Sugaronline Editorial - The upside down of the in and outs of Kenyan sugar trade By Jane Thirikali

Published: 06/19/2017, 12:29:00 AM

God forbid Kenya have US$1.50 sugar ahead of an election.



God forbid Kenya have US$1.50 sugar ahead of an election.

 


Any person involved in international trade will tell of the frustrations faced when trying to export or import goods from one country to another.

In Kenya, these frustrations are a thing of the past; or at least for the next three months for sugar and maize. Under normal circumstances, sugar imports can attract more than 150% of the CIF Mombasa value as duty, taxes and levies at the port. But for this limited period, up to 300,000 metric tonnes can be imported from any COMESA states duty-free compared to the usual 130,000 tonne COMESA quota for industrial use that is imported with a 10% import tax.

Kenya is a sugar deficit country to the tune of some 300,000-odd tonnes per annum, making it a country very attractive for investment in sugar cane production, milling and refining.

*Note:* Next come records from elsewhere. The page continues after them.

lemma out_ball_path:
  assumes "v \<in> out_ball E W x k"
  obtains p where "p \<noteq> []" "hd p = x" "last p = v" "distinct p" "set p \<subseteq> out_ball E W x k"
    "length p \<le> Suc k" "\<forall>i. Suc i < length p \<longrightarrow> (p ! i, p ! Suc i) \<in> E"
  using assms
proof (induction k arbitrary: v thesis)
  case 0
  then show ?case by (intro "0.prems"(1)[of "[x]"]) auto
next
  case (Suc k)
  show ?case
  proof (cases "v \<in> out_ball E W x k")
    case True
    with Suc.IH show ?thesis
      by (metis Suc.prems(1) le_SucI out_ball_mono subset_trans)
  next
    case False
    with Suc.prems(2) obtain z where z: "z \<in> out_ball E W x k" "(z, v) \<in> E" by auto
    from Suc.IH[OF _ z(1)] obtain p where p: "p \<noteq> []" "hd p = x" "last p = z" "distinct p"
      "set p \<subseteq> out_ball E W x k" "length p \<le> Suc k"
      "\<forall>i. Suc i < length p \<longrightarrow> (p ! i, p ! Suc i) \<in> E" by blast
    have "((p @ [v]) ! i, (p @ [v]) ! Suc i) \<in> E" if "Suc i < length (p @ [v])" for i
    proof (cases "Suc i < length p")
      case True
      with p(7) show ?thesis by (simp add: nth_append)
    next
      case False
      with that have "i = length p - 1" "Suc i = length p" by auto
      with p(1,3) z(2) show ?thesis by (simp add: nth_append last_conv_nth)
    qed
    moreover have "v \<notin> set p" using False p(5) by auto
    ultimately show ?thesis
      using p Suc.prems out_ball_mono[of E W x k] by (intro Suc.prems(1)[of "p @ [v]"]) auto
  qed
qed

definition path_system ::
  "('a \<times> 'a) set \<Rightarrow> 'a set \<Rightarrow> 'a set \<Rightarrow> nat \<Rightarrow> ('a \<times> 'a) set \<Rightarrow> ('a \<times> 'a \<Rightarrow> 'a list) \<Rightarrow> bool" where
  "path_system E S B k Q P \<longleftrightarrow>
     (\<forall>q\<in>Q. dipath E (fst q) (snd q) (P q) \<and> set (P q) \<subseteq> S \<and>
        interior (P q) \<inter> B = {} \<and> card (interior (P q)) \<le> k) \<and>
     (\<forall>q\<in>Q. \<forall>q'\<in>Q. q \<noteq> q' \<longrightarrow> interior (P q) \<inter> interior (P q') = {})"

lemma path_system_empty: "path_system E S B k {} P"
  by (simp add: path_system_def)

lemma path_system_insert:
  assumes "path_system E S B k Q P"
    and "dipath E x y p" "set p \<subseteq> S" "card (interior p) \<le> k"
    and "interior p \<inter> (B \<union> (\<Union>q\<in>Q. interior (P q))) = {}"
  shows "path_system E S B k (insert (x, y) Q) (P((x, y) := p))"
proof -
  let ?P = "P((x, y) := p)"
  have "\<forall>q\<in>insert (x, y) Q. dipath E (fst q) (snd q) (?P q) \<and> set (?P q) \<subseteq> S \<and>
      interior (?P q) \<inter> B = {} \<and> card (interior (?P q)) \<le> k"
    using assms unfolding path_system_def by auto
  moreover have "interior (?P q) \<inter> interior (?P q') = {}"
    if "q \<in> insert (x, y) Q" "q' \<in> insert (x, y) Q" "q \<noteq> q'" for q q'
  proof -
    have "interior p \<inter> interior (P r) = {}" if "r \<in> Q" for r
      using assms(5) that by blast
    moreover have "interior (P r) \<inter> interior (P r') = {}" if "r \<in> Q" "r' \<in> Q" "r \<noteq> r'" for r r'
      using assms(1) that unfolding path_system_def by blast
    ultimately show ?thesis
      using that by (cases "q = (x, y)"; cases "q' = (x, y)") (auto simp: Int_commute)
  qed
  ultimately show ?thesis
    unfolding path_system_def by blast
qed

lemma card_interiors_path_system:
  assumes "path_system E S B k Q P" "finite Q"
  shows "card (\<Union>q\<in>Q. interior (P q)) \<le> k * card Q"
proof -
  have "card (\<Union>q\<in>Q. interior (P q)) \<le> (\<Sum>q\<in>Q. card (interior (P q)))"
    using assms(2) by (rule card_UN_le)
  also have "\<dots> \<le> (\<Sum>q\<in>Q. k)"
    using assms(1) unfolding path_system_def by (intro sum_mono) auto
  finally show ?thesis by (simp add: mult.commute)
qed

lemma interiors_subset_path_system:
  assumes "path_system E S B k Q P"
  shows "(\<Union>q\<in>Q. interior (P q)) \<subseteq> S"
proof -
  have "interior (P q) \<subseteq> S" if "q \<in> Q" for q
    using that assms interior_subset_set[of "P q"] unfolding path_system_def by (meson subset_trans)
  then show ?thesis by blast
qed

lemma contains_complete_subdivision_if_path_system:
  assumes "B \<subseteq> S" "S \<subseteq> V" "card B = l"
    and "path_system E S B k {(x, y). x \<in> B \<and> y \<in> B \<and> x \<noteq> y} P"
  shows "contains_complete_subdivision V E l"
  unfolding contains_complete_subdivision_def
proof (intro exI conjI)
  show "B \<subseteq> V" "card B = l" using assms(1-3) by auto
  have "dipath E x y (P (x, y)) \<and> set (P (x, y)) \<subseteq> S \<and> interior (P (x, y)) \<inter> B = {}"
    if "x \<in> B" "y \<in> B" "x \<noteq> y" for x y
    using assms(4) that unfolding path_system_def by auto
  with assms(2) show "\<forall>x\<in>B. \<forall>y\<in>B. x \<noteq> y \<longrightarrow>
      dipath E x y (P (x, y)) \<and> set (P (x, y)) \<subseteq> V \<and> interior (P (x, y)) \<inter> B = {}"
    by blast
  have "interior (P q) \<inter> interior (P q') = {}"
    if "q \<in> {(x, y). x \<in> B \<and> y \<in> B \<and> x \<noteq> y}" "q' \<in> {(x, y). x \<in> B \<and> y \<in> B \<and> x \<noteq> y}" "q \<noteq> q'"
    for q q'
    using assms(4) that unfolding path_system_def by blast
  then show "\<forall>x\<in>B. \<forall>y\<in>B. \<forall>x'\<in>B. \<forall>y'\<in>B. x \<noteq> y \<longrightarrow> x' \<noteq> y' \<longrightarrow> (x, y) \<noteq> (x', y') \<longrightarrow>
      interior (P (x, y)) \<inter> interior (P (x', y')) = {}"
    by blast
qed

definition dense_subset :: "'a set \<Rightarrow> ('a \<times> 'a) set \<Rightarrow> real \<Rightarrow> real \<Rightarrow> 'a set \<Rightarrow> bool" where
  "dense_subset V E d c T \<longleftrightarrow> T \<subseteq> V \<and> T \<noteq> {} \<and>
     (\<forall>v\<in>T. d - c * (real (card V) - real (card T)) \<le> real (out_degree_in E T v))"

locale minimal_dense_subset =
  fixes V :: "'a set" and E :: "('a \<times> 'a) set" and d c :: real and S :: "'a set"
  assumes finite_V: "finite V"
    and c_pos: "0 < c" and c_le_1: "c \<le> 1"
    and dense_S: "dense_subset V E d c S"
    and minimal_S: "\<And>T. dense_subset V E d c T \<Longrightarrow> card S \<le> card T"
begin

lemma S_subset: "S \<subseteq> V" and S_nonempty: "S \<noteq> {}"
  using dense_S by (auto simp: dense_subset_def)

lemma finite_S: "finite S"
  using S_subset finite_V by (rule finite_subset)

lemma out_degree_in_S: "v \<in> S \<Longrightarrow> d - c * (real (card V) - real (card S)) \<le> real (out_degree_in E S v)"
  using dense_S by (simp add: dense_subset_def)

lemma expands:
  assumes "R \<subseteq> S" "R \<noteq> {}" "R \<noteq> S"
  obtains v where "v \<in> R" "c * (real (card S) - real (card R)) < real (card {w\<in>S - R. (v, w) \<in> E})"
proof -
  have "finite R" using assms(1) finite_S by (rule finite_subset)
  have "card R < card S" using assms finite_S by (simp add: psubset_card_mono)
  then have "\<not> dense_subset V E d c R" using minimal_S by (meson not_le)
  then obtain v where v: "v \<in> R" "real (out_degree_in E R v) < d - c * (real (card V) - real (card R))"
    using assms(1,2) S_subset unfolding dense_subset_def by (meson not_le order_trans)
  have "{w\<in>S. (v, w) \<in> E} = {w\<in>R. (v, w) \<in> E} \<union> {w\<in>S - R. (v, w) \<in> E}"
    using assms(1) by auto
  then have "out_degree_in E S v = out_degree_in E R v + card {w\<in>S - R. (v, w) \<in> E}"
    unfolding out_degree_in_def using finite_S \<open>finite R\<close> by (simp add: card_Un_disjoint disjoint_iff)
  with out_degree_in_S[of v] v assms(1) show thesis
    by (intro that[OF v(1)]) (auto simp: algebra_simps)
qed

The country is currently in the middle of the natural progression from state owned and run sugar production facilities, through the current stage where mills that have not invested in sugar cane development are reaping where they have not sown.

The greatest beneficiaries will be those organizations who can stick around for the final stage to develop new sugar cane growing contracts with farmers and undertake sugar production as the serious business it is - but this is the future, back to the current reality.

But for now, the deficit remains. During June, July and August 2017, any organization with US$1,000 to spare can register as a sugar importer. There is no limit to what can be imported but the quality is restricted to brown sugar fit for direct human consumption.  The Government of Kenya has determined that this free movement is the short-term solution to the current situation, an untenable one because it is an election year. The Government just cannot have sugar retailing in major supermarkets at upwards of US$1.50 per kg—and even worse—more often than not, even when you are willing to pay this steep price, the sweetener is not available to buy.

The second week of June saw a somber meeting between major importers and active sugar millers at the Farm Minister’s boardroom.  The meeting had only two agenda items. First was to determine that not any of the invited parties was hoarding sugar, confirming every one’s fear that this is not an artificial shortage. Because this is a genuine shortage, no one would therefore be aggrieved if duty-free COMESA imports were permitted. After all, the sensitive Kenyan sugar industry requires protection through tariff and non-tariff barriers to its trade.

Second, a formula was agreed that would ensure that after the hustle and bustle of importing, clearing, forwarding and transportation, the retail price settled at a fair value for both retailers and consumers. All agreed that time is of the essence; elections were less than 60 days away.

As a result, import permits in excess of 180,000 tonnes of sugar equivalent were issued as of June 17. What remains to be seen is if all this sugar will be imported within the three-month window, and if they will result in retail sugar prices falling to the Government’s target of US$0.54 per kg.


Jane Thirikali is the Supply Chain Director at JaNe Kenya, Ltd.